◆ **Records from a data collection**:
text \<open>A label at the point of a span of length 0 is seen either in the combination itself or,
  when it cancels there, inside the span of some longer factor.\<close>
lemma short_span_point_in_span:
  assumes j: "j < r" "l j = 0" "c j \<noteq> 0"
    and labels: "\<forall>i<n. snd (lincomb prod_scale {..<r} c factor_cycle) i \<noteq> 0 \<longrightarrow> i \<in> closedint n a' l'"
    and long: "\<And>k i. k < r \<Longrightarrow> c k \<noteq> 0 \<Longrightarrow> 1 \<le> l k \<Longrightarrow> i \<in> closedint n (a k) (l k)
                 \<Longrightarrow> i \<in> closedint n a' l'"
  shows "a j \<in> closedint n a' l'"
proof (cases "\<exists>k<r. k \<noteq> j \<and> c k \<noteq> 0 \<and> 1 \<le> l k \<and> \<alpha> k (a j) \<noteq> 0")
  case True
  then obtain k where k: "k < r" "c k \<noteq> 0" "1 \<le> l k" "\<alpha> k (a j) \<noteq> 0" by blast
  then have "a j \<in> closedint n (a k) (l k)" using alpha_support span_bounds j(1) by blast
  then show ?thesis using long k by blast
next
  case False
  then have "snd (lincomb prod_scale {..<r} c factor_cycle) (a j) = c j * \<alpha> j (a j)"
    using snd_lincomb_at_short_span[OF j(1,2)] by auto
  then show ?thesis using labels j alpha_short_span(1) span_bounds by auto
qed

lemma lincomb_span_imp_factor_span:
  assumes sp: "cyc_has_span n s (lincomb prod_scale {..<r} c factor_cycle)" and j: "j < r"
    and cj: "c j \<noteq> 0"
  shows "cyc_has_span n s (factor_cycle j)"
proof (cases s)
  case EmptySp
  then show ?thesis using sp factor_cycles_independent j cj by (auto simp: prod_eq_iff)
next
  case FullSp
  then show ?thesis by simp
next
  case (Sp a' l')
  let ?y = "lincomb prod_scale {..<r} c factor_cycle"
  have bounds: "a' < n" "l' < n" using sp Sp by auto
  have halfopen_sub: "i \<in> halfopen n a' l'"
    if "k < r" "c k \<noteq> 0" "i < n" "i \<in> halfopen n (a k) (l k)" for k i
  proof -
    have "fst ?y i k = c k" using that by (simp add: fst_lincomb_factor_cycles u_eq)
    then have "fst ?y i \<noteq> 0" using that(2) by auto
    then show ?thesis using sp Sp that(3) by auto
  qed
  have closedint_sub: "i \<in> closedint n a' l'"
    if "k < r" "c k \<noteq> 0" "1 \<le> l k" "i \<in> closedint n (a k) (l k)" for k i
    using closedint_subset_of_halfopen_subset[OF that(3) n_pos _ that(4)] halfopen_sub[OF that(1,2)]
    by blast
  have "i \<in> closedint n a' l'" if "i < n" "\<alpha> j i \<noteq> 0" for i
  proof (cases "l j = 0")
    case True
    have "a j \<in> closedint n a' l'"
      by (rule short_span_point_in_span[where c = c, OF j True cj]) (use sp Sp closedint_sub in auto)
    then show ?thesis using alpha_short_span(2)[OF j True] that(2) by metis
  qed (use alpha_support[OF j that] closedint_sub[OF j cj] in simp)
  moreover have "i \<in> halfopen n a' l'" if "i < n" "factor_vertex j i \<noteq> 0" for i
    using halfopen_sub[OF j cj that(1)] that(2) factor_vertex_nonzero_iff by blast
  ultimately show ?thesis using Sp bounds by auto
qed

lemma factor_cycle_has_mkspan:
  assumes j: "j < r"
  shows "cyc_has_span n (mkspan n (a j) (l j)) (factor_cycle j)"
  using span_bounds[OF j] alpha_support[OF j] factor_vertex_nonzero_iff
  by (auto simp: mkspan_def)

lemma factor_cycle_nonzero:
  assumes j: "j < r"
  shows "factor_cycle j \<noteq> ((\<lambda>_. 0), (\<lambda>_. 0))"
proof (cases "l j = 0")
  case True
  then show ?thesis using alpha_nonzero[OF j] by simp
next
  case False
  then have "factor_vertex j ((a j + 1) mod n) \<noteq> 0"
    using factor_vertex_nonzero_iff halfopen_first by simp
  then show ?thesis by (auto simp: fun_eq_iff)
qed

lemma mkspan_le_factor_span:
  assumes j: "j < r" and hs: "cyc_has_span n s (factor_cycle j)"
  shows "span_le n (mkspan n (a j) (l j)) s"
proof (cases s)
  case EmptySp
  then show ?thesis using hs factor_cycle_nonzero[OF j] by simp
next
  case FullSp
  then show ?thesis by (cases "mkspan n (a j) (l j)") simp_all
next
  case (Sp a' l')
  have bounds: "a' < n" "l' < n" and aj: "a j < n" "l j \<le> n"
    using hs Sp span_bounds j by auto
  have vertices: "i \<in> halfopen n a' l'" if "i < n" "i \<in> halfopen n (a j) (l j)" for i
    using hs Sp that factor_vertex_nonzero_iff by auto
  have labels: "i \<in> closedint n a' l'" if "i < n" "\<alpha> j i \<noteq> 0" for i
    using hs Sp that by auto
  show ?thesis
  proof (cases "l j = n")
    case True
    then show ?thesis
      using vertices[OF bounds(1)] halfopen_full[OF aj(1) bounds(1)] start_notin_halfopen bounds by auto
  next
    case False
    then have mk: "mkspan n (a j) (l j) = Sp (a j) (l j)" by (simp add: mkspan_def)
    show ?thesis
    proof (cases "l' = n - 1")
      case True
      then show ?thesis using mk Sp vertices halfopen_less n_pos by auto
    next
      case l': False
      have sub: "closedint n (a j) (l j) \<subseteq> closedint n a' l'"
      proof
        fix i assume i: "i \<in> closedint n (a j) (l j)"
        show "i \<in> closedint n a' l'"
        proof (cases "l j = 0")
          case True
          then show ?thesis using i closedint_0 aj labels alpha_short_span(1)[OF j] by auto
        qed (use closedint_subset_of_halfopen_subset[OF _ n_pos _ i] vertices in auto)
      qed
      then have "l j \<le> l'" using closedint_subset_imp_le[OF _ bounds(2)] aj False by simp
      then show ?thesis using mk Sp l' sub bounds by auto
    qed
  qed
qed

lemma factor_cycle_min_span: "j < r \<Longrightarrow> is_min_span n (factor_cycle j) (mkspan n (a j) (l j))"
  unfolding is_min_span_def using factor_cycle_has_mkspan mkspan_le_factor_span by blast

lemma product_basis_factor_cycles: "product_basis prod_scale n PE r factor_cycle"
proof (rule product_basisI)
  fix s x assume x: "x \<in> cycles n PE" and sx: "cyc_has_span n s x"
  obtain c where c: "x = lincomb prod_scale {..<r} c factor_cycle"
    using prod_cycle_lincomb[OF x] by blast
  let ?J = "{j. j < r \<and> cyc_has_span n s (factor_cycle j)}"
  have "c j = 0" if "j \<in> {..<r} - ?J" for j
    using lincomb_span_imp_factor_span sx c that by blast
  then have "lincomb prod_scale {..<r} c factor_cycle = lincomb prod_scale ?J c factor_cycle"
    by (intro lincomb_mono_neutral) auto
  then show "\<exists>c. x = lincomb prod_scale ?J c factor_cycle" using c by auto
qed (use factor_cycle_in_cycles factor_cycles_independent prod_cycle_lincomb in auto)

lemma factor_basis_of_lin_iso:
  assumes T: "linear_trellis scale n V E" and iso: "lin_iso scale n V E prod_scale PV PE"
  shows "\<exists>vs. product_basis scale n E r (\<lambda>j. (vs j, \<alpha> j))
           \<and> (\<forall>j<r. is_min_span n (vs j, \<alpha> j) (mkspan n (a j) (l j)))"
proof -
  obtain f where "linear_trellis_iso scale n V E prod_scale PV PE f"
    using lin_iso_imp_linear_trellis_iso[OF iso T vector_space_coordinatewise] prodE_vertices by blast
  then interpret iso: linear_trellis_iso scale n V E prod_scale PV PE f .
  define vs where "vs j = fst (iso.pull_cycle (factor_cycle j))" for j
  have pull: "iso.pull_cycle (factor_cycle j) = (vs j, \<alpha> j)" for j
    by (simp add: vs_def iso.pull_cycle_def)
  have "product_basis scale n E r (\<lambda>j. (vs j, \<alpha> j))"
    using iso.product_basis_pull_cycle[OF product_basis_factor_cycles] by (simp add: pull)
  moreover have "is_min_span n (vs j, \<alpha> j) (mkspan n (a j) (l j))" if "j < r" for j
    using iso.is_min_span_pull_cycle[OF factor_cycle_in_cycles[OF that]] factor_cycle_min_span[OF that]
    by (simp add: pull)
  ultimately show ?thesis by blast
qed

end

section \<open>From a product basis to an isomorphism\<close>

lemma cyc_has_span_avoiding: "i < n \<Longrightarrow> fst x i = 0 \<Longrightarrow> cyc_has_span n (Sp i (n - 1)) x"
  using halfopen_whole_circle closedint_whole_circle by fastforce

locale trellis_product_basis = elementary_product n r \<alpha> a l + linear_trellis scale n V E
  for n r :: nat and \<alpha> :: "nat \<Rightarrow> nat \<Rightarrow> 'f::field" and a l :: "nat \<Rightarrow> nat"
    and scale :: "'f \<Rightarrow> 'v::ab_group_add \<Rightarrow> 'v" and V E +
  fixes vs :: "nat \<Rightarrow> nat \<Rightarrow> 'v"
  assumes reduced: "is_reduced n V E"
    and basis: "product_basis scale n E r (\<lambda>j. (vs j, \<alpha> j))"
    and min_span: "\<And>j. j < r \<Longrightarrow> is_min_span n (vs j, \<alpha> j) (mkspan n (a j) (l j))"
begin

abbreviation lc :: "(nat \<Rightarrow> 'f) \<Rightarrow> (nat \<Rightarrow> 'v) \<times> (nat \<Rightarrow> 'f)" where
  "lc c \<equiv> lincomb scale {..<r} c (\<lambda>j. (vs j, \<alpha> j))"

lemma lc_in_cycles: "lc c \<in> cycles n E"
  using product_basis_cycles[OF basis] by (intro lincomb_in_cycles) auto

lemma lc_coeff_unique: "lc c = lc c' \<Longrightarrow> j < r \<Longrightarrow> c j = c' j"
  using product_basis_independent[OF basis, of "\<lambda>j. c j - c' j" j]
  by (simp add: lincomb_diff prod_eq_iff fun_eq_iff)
---
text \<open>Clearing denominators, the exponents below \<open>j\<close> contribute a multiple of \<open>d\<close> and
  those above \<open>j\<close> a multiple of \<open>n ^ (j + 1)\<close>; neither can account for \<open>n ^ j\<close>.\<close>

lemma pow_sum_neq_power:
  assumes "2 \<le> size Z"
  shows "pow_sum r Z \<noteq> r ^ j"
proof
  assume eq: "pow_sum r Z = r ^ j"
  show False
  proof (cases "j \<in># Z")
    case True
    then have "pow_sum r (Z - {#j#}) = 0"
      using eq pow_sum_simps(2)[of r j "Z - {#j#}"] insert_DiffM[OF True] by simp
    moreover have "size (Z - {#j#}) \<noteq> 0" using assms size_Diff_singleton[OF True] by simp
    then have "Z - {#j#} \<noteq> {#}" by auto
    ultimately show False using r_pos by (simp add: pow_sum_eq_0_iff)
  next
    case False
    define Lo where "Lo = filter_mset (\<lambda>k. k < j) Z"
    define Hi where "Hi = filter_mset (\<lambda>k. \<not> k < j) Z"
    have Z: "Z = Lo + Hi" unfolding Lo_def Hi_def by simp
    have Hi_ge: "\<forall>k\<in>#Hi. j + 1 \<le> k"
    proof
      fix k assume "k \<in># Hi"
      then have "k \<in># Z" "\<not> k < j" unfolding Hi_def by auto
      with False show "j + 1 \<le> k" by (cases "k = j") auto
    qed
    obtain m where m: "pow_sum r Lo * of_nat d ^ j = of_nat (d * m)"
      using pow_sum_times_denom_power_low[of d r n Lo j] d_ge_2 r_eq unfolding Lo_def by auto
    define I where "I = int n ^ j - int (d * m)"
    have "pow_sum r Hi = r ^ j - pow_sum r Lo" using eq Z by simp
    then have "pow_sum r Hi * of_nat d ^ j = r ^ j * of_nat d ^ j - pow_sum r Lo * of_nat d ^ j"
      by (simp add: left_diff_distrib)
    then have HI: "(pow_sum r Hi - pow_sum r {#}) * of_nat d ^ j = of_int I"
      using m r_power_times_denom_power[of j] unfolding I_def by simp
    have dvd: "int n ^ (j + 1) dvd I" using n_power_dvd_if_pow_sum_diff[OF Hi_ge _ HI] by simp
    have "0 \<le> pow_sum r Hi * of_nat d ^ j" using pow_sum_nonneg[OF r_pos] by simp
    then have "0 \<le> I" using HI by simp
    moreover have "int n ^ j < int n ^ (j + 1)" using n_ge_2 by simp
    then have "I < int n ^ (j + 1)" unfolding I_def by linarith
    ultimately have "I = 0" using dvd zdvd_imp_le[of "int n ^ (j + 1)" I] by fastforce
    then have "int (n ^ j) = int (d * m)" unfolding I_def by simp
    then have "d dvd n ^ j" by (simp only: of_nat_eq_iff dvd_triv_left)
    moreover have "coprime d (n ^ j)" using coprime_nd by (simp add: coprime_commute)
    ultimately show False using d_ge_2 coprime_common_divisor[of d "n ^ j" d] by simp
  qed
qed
...
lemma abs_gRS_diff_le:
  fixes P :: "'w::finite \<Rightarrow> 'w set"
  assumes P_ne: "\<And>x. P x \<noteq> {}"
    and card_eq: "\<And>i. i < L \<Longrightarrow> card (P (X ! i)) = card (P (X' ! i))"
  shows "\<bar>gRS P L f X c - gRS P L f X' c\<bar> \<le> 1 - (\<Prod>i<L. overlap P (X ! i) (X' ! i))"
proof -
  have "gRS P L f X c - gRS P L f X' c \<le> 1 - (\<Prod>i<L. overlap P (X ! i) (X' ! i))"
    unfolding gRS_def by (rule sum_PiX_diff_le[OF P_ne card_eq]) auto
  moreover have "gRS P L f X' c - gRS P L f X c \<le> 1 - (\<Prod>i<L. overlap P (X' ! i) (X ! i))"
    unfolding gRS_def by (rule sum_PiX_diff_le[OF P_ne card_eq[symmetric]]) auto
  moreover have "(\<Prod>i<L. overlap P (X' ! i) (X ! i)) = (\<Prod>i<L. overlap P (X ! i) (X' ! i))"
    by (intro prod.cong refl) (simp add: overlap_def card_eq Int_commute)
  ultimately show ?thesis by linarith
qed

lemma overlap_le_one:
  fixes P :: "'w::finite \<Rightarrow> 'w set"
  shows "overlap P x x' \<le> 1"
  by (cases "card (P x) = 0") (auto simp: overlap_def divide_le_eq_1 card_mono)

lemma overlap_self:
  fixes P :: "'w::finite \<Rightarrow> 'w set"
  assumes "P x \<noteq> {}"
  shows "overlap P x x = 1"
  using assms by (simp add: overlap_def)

◆ **To do**: Set down exactly the lines of the data above, beginning with the line that has "overlap_def divide_le_eq_1 card_mono)" and ending with the line that has "using assms by (simp add: overlap_def)", and no others.

◆ **Answer**:
  by (cases "card (P x) = 0") (auto simp: overlap_def divide_le_eq_1 card_mono)

lemma overlap_self:
  fixes P :: "'w::finite \<Rightarrow> 'w set"
  assumes "P x \<noteq> {}"
  shows "overlap P x x = 1"
  using assms by (simp add: overlap_def)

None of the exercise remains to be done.